> **EXERCISE DETAILS**:
All the data below should be printed again without a single difference.

> **Stored data**:
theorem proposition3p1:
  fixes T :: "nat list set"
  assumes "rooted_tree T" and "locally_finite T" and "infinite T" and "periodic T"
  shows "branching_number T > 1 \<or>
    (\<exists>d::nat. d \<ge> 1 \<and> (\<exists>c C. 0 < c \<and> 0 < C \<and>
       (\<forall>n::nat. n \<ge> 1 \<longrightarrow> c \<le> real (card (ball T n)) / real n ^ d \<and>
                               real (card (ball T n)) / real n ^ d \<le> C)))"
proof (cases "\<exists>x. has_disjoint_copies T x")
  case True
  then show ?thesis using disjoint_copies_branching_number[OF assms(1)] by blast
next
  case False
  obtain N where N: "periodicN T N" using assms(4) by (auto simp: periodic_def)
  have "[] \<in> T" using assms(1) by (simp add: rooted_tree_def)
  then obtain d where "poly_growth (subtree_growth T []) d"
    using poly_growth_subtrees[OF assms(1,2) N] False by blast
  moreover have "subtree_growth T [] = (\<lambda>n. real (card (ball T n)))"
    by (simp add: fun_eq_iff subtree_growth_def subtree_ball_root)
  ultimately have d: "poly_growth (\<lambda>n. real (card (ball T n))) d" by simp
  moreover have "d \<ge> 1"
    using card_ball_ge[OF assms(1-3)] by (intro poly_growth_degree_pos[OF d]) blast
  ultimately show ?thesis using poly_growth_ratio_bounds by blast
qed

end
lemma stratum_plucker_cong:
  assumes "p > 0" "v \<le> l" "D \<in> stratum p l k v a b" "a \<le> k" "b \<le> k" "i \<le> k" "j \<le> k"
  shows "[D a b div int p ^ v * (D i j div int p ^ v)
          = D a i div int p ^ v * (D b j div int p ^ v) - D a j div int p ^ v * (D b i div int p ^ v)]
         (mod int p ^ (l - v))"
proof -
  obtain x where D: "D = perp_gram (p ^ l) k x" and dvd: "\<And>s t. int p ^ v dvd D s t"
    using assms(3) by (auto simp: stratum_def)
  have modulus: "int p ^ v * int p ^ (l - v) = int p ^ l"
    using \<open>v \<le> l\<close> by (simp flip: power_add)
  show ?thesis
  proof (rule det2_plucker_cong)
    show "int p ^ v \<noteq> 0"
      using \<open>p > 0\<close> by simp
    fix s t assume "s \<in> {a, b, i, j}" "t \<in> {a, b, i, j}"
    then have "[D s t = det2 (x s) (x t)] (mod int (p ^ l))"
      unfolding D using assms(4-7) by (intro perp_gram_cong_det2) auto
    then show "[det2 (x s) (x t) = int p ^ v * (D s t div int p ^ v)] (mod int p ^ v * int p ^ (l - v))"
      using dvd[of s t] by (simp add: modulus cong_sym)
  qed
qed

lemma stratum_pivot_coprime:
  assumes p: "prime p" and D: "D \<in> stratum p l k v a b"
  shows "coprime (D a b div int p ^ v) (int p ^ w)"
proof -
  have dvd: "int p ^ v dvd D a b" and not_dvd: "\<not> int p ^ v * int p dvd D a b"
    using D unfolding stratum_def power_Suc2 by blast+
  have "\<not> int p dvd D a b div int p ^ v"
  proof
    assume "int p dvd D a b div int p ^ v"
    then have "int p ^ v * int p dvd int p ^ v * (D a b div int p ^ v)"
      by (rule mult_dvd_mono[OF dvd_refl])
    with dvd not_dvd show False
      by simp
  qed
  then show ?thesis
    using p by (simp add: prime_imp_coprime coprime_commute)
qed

> **WRITTEN REPLY**:
theorem proposition3p1:
  fixes T :: "nat list set"
  assumes "rooted_tree T" and "locally_finite T" and "infinite T" and "periodic T"
  shows "branching_number T > 1 \<or>
    (\<exists>d::nat. d \<ge> 1 \<and> (\<exists>c C. 0 < c \<and> 0 < C \<and>
       (\<forall>n::nat. n \<ge> 1 \<longrightarrow> c \<le> real (card (ball T n)) / real n ^ d \<and>
                               real (card (ball T n)) / real n ^ d \<le> C)))"
proof (cases "\<exists>x. has_disjoint_copies T x")
  case True
  then show ?thesis using disjoint_copies_branching_number[OF assms(1)] by blast
next
  case False
  obtain N where N: "periodicN T N" using assms(4) by (auto simp: periodic_def)
  have "[] \<in> T" using assms(1) by (simp add: rooted_tree_def)
  then obtain d where "poly_growth (subtree_growth T []) d"
    using poly_growth_subtrees[OF assms(1,2) N] False by blast
  moreover have "subtree_growth T [] = (\<lambda>n. real (card (ball T n)))"
    by (simp add: fun_eq_iff subtree_growth_def subtree_ball_root)
  ultimately have d: "poly_growth (\<lambda>n. real (card (ball T n))) d" by simp
  moreover have "d \<ge> 1"
    using card_ball_ge[OF assms(1-3)] by (intro poly_growth_degree_pos[OF d]) blast
  ultimately show ?thesis using poly_growth_ratio_bounds by blast
qed

end
lemma stratum_plucker_cong:
  assumes "p > 0" "v \<le> l" "D \<in> stratum p l k v a b" "a \<le> k" "b \<le> k" "i \<le> k" "j \<le> k"
  shows "[D a b div int p ^ v * (D i j div int p ^ v)
          = D a i div int p ^ v * (D b j div int p ^ v) - D a j div int p ^ v * (D b i div int p ^ v)]
         (mod int p ^ (l - v))"
proof -
  obtain x where D: "D = perp_gram (p ^ l) k x" and dvd: "\<And>s t. int p ^ v dvd D s t"
    using assms(3) by (auto simp: stratum_def)
  have modulus: "int p ^ v * int p ^ (l - v) = int p ^ l"
    using \<open>v \<le> l\<close> by (simp flip: power_add)
  show ?thesis
  proof (rule det2_plucker_cong)
    show "int p ^ v \<noteq> 0"
      using \<open>p > 0\<close> by simp
    fix s t assume "s \<in> {a, b, i, j}" "t \<in> {a, b, i, j}"
    then have "[D s t = det2 (x s) (x t)] (mod int (p ^ l))"
      unfolding D using assms(4-7) by (intro perp_gram_cong_det2) auto
    then show "[det2 (x s) (x t) = int p ^ v * (D s t div int p ^ v)] (mod int p ^ v * int p ^ (l - v))"
      using dvd[of s t] by (simp add: modulus cong_sym)
  qed
qed

lemma stratum_pivot_coprime:
  assumes p: "prime p" and D: "D \<in> stratum p l k v a b"
  shows "coprime (D a b div int p ^ v) (int p ^ w)"
proof -
  have dvd: "int p ^ v dvd D a b" and not_dvd: "\<not> int p ^ v * int p dvd D a b"
    using D unfolding stratum_def power_Suc2 by blast+
  have "\<not> int p dvd D a b div int p ^ v"
  proof
    assume "int p dvd D a b div int p ^ v"
    then have "int p ^ v * int p dvd int p ^ v * (D a b div int p ^ v)"
      by (rule mult_dvd_mono[OF dvd_refl])
    with dvd not_dvd show False
      by simp
  qed
  then show ?thesis
    using p by (simp add: prime_imp_coprime coprime_commute)
qed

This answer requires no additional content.